**What this task involves:**
Write out the records below word for word, please.
═══ Data in this exercise ═══
lemma walk_from_W0:
  assumes "admissible H"
  obtains P where "is_walk P" "hd P = W0" "last P = H"
  using assms
proof (induction "nat (height H)" arbitrary: H thesis rule: less_induct)
  case less
  show ?case
  proof (cases "H = W0")
    case True
    then show ?thesis
      using less.prems by (intro less.prems(1)[of "[H]"]) simp_all
  next
    case False
    obtain K where K: "adj H K" "height K < height H"
      using lower_neighbour_exists[OF less.prems(2) False] by blast
    moreover have "nat (height K) < nat (height H)"
      using K(2) height_nonneg[of K] by simp
    ultimately obtain P where "is_walk P" "hd P = W0" "last P = K"
      using less.hyps adj_admissible by metis
    moreover have "P \<noteq> []"
      using \<open>is_walk P\<close> by (simp add: is_walk_def)
    ultimately have "is_walk (P @ [H])" "hd (P @ [H]) = W0" "last (P @ [H]) = H"
      using K(1) adj_sym less.prems(2) by (simp_all add: is_walk_append_iff)
    then show ?thesis
      by (rule less.prems(1))
  qed
qed

lemma obtain_geodesic:
  assumes "admissible H" "admissible K"
  obtains P where "is_walk P" "length P = Suc (dist_G H K)" "hd P = H" "last P = K"
proof -
  obtain A B where "is_walk A" "hd A = W0" "last A = H" "is_walk B" "hd B = W0" "last B = K"
    using walk_from_W0 assms by metis
  then have "is_walk (rev A @ tl B)" "hd (rev A @ tl B) = H" "last (rev A @ tl B) = K"
    using is_walk_join[of "rev A" B] is_walk_rev by (auto simp: hd_rev last_rev)
  then have "\<exists>n P. is_walk P \<and> length P = Suc n \<and> hd P = H \<and> last P = K"
    by (metis is_walk_def length_greater_0_conv Suc_pred)
  then have "\<exists>P. is_walk P \<and> length P = Suc (dist_G H K) \<and> hd P = H \<and> last P = K"
    unfolding dist_G_def by (rule LeastI_ex)
  then show ?thesis
    using that by blast
qed

lemma geodesic_non_backtracking:
  assumes "is_walk P" "length P = Suc (dist_G (hd P) (last P))"
  shows "non_backtracking P"
  unfolding non_backtracking_def
proof (intro allI impI notI)
  fix i assume i: "Suc (Suc i) < length P" "P ! i = P ! Suc (Suc i)"
  then have "dist_G (hd P) (last P) \<le> length P - 3"
    using is_walk_shortcut[OF assms(1), of i "Suc (Suc i)"] dist_G_le by fastforce
  then show False
    using assms(2) i(1) by simp
qed

lemma dist_G_non_backtracking:
  assumes "is_walk P" "non_backtracking P"
  shows "dist_G (hd P) (last P) = length P - 1"
proof -
  have "admissible (hd P)" "admissible (last P)"
    using assms(1) by (auto simp: is_walk_def)
  then obtain Q where "is_walk Q" "length Q = Suc (dist_G (hd P) (last P))" "hd Q = hd P" "last Q = last P"
    by (rule obtain_geodesic)
  moreover have "Q = P"
    using non_backtracking_walk_unique geodesic_non_backtracking assms calculation by metis
  ultimately show ?thesis
    by simp
qed

lemma dist_G_triangle:
  assumes "admissible H" "admissible K" "admissible L"
  shows "dist_G H L \<le> dist_G H K + dist_G K L"
proof -
  obtain A where "is_walk A" "length A = Suc (dist_G H K)" "hd A = H" "last A = K"
    using obtain_geodesic[OF assms(1,2)] .
  moreover obtain B where "is_walk B" "length B = Suc (dist_G K L)" "hd B = K" "last B = L"
    using obtain_geodesic[OF assms(2,3)] .
  ultimately show ?thesis
    using is_walk_join[of A B] dist_G_le[of "A @ tl B"] by simp
qed

lemma dist_G_commute:
  assumes "admissible H" "admissible K"
  shows "dist_G H K = dist_G K H"
proof -
  have le: "dist_G K H \<le> dist_G H K" if adm: "admissible H" "admissible K" for H K
  proof -
    obtain A where "is_walk A" "length A = Suc (dist_G H K)" "hd A = H" "last A = K"
      using obtain_geodesic[OF adm] .
    then show ?thesis
      using dist_G_le[OF is_walk_rev[of A]] by (simp add: hd_rev last_rev)
  qed
  show ?thesis
    using le[OF assms] le[OF assms(2,1)] by simp
qed

lemma dist_G_self: "admissible H \<Longrightarrow> dist_G H H = 0"
  using dist_G_le[of "[H]"] by simp

lemma dist_G_eq_0_iff:
  assumes "admissible H" "admissible K"
  shows "dist_G H K = 0 \<longleftrightarrow> H = K"
proof
  assume "dist_G H K = 0"
  moreover obtain A where "is_walk A" "length A = Suc (dist_G H K)" "hd A = H" "last A = K"
    using obtain_geodesic[OF assms] .
  ultimately show "H = K"
    by (auto simp: length_Suc_conv)
qed (use dist_G_self assms in simp)

text \<open>A geodesic from \<open>H\<close> to \<open>K\<close> either starts with the edge to \<open>H'\<close> or extends to a
  non-backtracking walk from \<open>H'\<close>.\<close>

lemma dist_G_adj_ne:
  assumes "adj H H'" "admissible K"
  shows "dist_G H K \<noteq> dist_G H' K"
proof -
  obtain P where P: "is_walk P" "length P = Suc (dist_G H K)" "hd P = H" "last P = K"
    using obtain_geodesic adj_admissible assms by blast
  then have nb: "non_backtracking P"
    using geodesic_non_backtracking by simp
  show ?thesis
  proof (cases "Suc 0 < length P \<and> P ! 1 = H'")
    case True
    then have "dist_G (hd (tl P)) (last (tl P)) = length (tl P) - 1"
      using dist_G_non_backtracking is_walk_tl[OF P(1)] non_backtracking_tl[OF nb] by blast
    then have "dist_G H' K = length P - 2"
      using True P(4) by (simp add: ends_butlast_tl)
    then show ?thesis
      using P(2) True by auto
  next
    case False
    have "P \<noteq> []"
      using P(1) by (simp add: is_walk_def)
    then have "is_walk (H' # P)" "non_backtracking (H' # P)"
      using P(1,3) False adj_sym[OF assms(1)] nb by (auto simp: is_walk_Cons non_backtracking_Cons)
    then have "dist_G H' K = length P"
      using dist_G_non_backtracking P(4) \<open>P \<noteq> []\<close> by fastforce
    then show ?thesis
      using P(2) by simp
  qed
qed

section \<open>The action of SL(2, Z)\<close>

lemma mat_apply_id [simp]: "mat_apply (1, 0, 0, 1) v = v"
  by (cases v) simp

lemma act_id: "act (1, 0, 0, 1) = id"
  by (simp add: act_def fun_eq_iff)

lemma act_mat_mult: "act (mat_mult A B) H = act A (act B H)"
  by (simp add: act_def mat_apply_mat_mult image_image)

lemma SL2_mat_mult: "A \<in> SL2 \<Longrightarrow> B \<in> SL2 \<Longrightarrow> mat_mult A B \<in> SL2"
  by (simp add: SL2_def mat_det_mat_mult)

lemma SL2_sl2_inv: "A \<in> SL2 \<Longrightarrow> sl2_inv A \<in> SL2"
  by (cases A) (simp add: SL2_def algebra_simps)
═══
**Answer for this exercise:**
lemma walk_from_W0:
  assumes "admissible H"
  obtains P where "is_walk P" "hd P = W0" "last P = H"
  using assms
proof (induction "nat (height H)" arbitrary: H thesis rule: less_induct)
  case less
  show ?case
  proof (cases "H = W0")
    case True
    then show ?thesis
      using less.prems by (intro less.prems(1)[of "[H]"]) simp_all
  next
    case False
    obtain K where K: "adj H K" "height K < height H"
      using lower_neighbour_exists[OF less.prems(2) False] by blast
    moreover have "nat (height K) < nat (height H)"
      using K(2) height_nonneg[of K] by simp
    ultimately obtain P where "is_walk P" "hd P = W0" "last P = K"
      using less.hyps adj_admissible by metis
    moreover have "P \<noteq> []"
      using \<open>is_walk P\<close> by (simp add: is_walk_def)
    ultimately have "is_walk (P @ [H])" "hd (P @ [H]) = W0" "last (P @ [H]) = H"
      using K(1) adj_sym less.prems(2) by (simp_all add: is_walk_append_iff)
    then show ?thesis
      by (rule less.prems(1))
  qed
qed

lemma obtain_geodesic:
  assumes "admissible H" "admissible K"
  obtains P where "is_walk P" "length P = Suc (dist_G H K)" "hd P = H" "last P = K"
proof -
  obtain A B where "is_walk A" "hd A = W0" "last A = H" "is_walk B" "hd B = W0" "last B = K"
    using walk_from_W0 assms by metis
  then have "is_walk (rev A @ tl B)" "hd (rev A @ tl B) = H" "last (rev A @ tl B) = K"
    using is_walk_join[of "rev A" B] is_walk_rev by (auto simp: hd_rev last_rev)
  then have "\<exists>n P. is_walk P \<and> length P = Suc n \<and> hd P = H \<and> last P = K"
    by (metis is_walk_def length_greater_0_conv Suc_pred)
  then have "\<exists>P. is_walk P \<and> length P = Suc (dist_G H K) \<and> hd P = H \<and> last P = K"
    unfolding dist_G_def by (rule LeastI_ex)
  then show ?thesis
    using that by blast
qed

lemma geodesic_non_backtracking:
  assumes "is_walk P" "length P = Suc (dist_G (hd P) (last P))"
  shows "non_backtracking P"
  unfolding non_backtracking_def
proof (intro allI impI notI)
  fix i assume i: "Suc (Suc i) < length P" "P ! i = P ! Suc (Suc i)"
  then have "dist_G (hd P) (last P) \<le> length P - 3"
    using is_walk_shortcut[OF assms(1), of i "Suc (Suc i)"] dist_G_le by fastforce
  then show False
    using assms(2) i(1) by simp
qed

lemma dist_G_non_backtracking:
  assumes "is_walk P" "non_backtracking P"
  shows "dist_G (hd P) (last P) = length P - 1"
proof -
  have "admissible (hd P)" "admissible (last P)"
    using assms(1) by (auto simp: is_walk_def)
  then obtain Q where "is_walk Q" "length Q = Suc (dist_G (hd P) (last P))" "hd Q = hd P" "last Q = last P"
    by (rule obtain_geodesic)
  moreover have "Q = P"
    using non_backtracking_walk_unique geodesic_non_backtracking assms calculation by metis
  ultimately show ?thesis
    by simp
qed

lemma dist_G_triangle:
  assumes "admissible H" "admissible K" "admissible L"
  shows "dist_G H L \<le> dist_G H K + dist_G K L"
proof -
  obtain A where "is_walk A" "length A = Suc (dist_G H K)" "hd A = H" "last A = K"
    using obtain_geodesic[OF assms(1,2)] .
  moreover obtain B where "is_walk B" "length B = Suc (dist_G K L)" "hd B = K" "last B = L"
    using obtain_geodesic[OF assms(2,3)] .
  ultimately show ?thesis
    using is_walk_join[of A B] dist_G_le[of "A @ tl B"] by simp
qed

lemma dist_G_commute:
  assumes "admissible H" "admissible K"
  shows "dist_G H K = dist_G K H"
proof -
  have le: "dist_G K H \<le> dist_G H K" if adm: "admissible H" "admissible K" for H K
  proof -
    obtain A where "is_walk A" "length A = Suc (dist_G H K)" "hd A = H" "last A = K"
      using obtain_geodesic[OF adm] .
    then show ?thesis
      using dist_G_le[OF is_walk_rev[of A]] by (simp add: hd_rev last_rev)
  qed
  show ?thesis
    using le[OF assms] le[OF assms(2,1)] by simp
qed

lemma dist_G_self: "admissible H \<Longrightarrow> dist_G H H = 0"
  using dist_G_le[of "[H]"] by simp

lemma dist_G_eq_0_iff:
  assumes "admissible H" "admissible K"
  shows "dist_G H K = 0 \<longleftrightarrow> H = K"
proof
  assume "dist_G H K = 0"
  moreover obtain A where "is_walk A" "length A = Suc (dist_G H K)" "hd A = H" "last A = K"
    using obtain_geodesic[OF assms] .
  ultimately show "H = K"
    by (auto simp: length_Suc_conv)
qed (use dist_G_self assms in simp)

text \<open>A geodesic from \<open>H\<close> to \<open>K\<close> either starts with the edge to \<open>H'\<close> or extends to a
  non-backtracking walk from \<open>H'\<close>.\<close>

lemma dist_G_adj_ne:
  assumes "adj H H'" "admissible K"
  shows "dist_G H K \<noteq> dist_G H' K"
proof -
  obtain P where P: "is_walk P" "length P = Suc (dist_G H K)" "hd P = H" "last P = K"
    using obtain_geodesic adj_admissible assms by blast
  then have nb: "non_backtracking P"
    using geodesic_non_backtracking by simp
  show ?thesis
  proof (cases "Suc 0 < length P \<and> P ! 1 = H'")
    case True
    then have "dist_G (hd (tl P)) (last (tl P)) = length (tl P) - 1"
      using dist_G_non_backtracking is_walk_tl[OF P(1)] non_backtracking_tl[OF nb] by blast
    then have "dist_G H' K = length P - 2"
      using True P(4) by (simp add: ends_butlast_tl)
    then show ?thesis
      using P(2) True by auto
  next
    case False
    have "P \<noteq> []"
      using P(1) by (simp add: is_walk_def)
    then have "is_walk (H' # P)" "non_backtracking (H' # P)"
      using P(1,3) False adj_sym[OF assms(1)] nb by (auto simp: is_walk_Cons non_backtracking_Cons)
    then have "dist_G H' K = length P"
      using dist_G_non_backtracking P(4) \<open>P \<noteq> []\<close> by fastforce
    then show ?thesis
      using P(2) by simp
  qed
qed

section \<open>The action of SL(2, Z)\<close>

lemma mat_apply_id [simp]: "mat_apply (1, 0, 0, 1) v = v"
  by (cases v) simp

lemma act_id: "act (1, 0, 0, 1) = id"
  by (simp add: act_def fun_eq_iff)

lemma act_mat_mult: "act (mat_mult A B) H = act A (act B H)"
  by (simp add: act_def mat_apply_mat_mult image_image)

lemma SL2_mat_mult: "A \<in> SL2 \<Longrightarrow> B \<in> SL2 \<Longrightarrow> mat_mult A B \<in> SL2"
  by (simp add: SL2_def mat_det_mat_mult)

lemma SL2_sl2_inv: "A \<in> SL2 \<Longrightarrow> sl2_inv A \<in> SL2"
  by (cases A) (simp add: SL2_def algebra_simps)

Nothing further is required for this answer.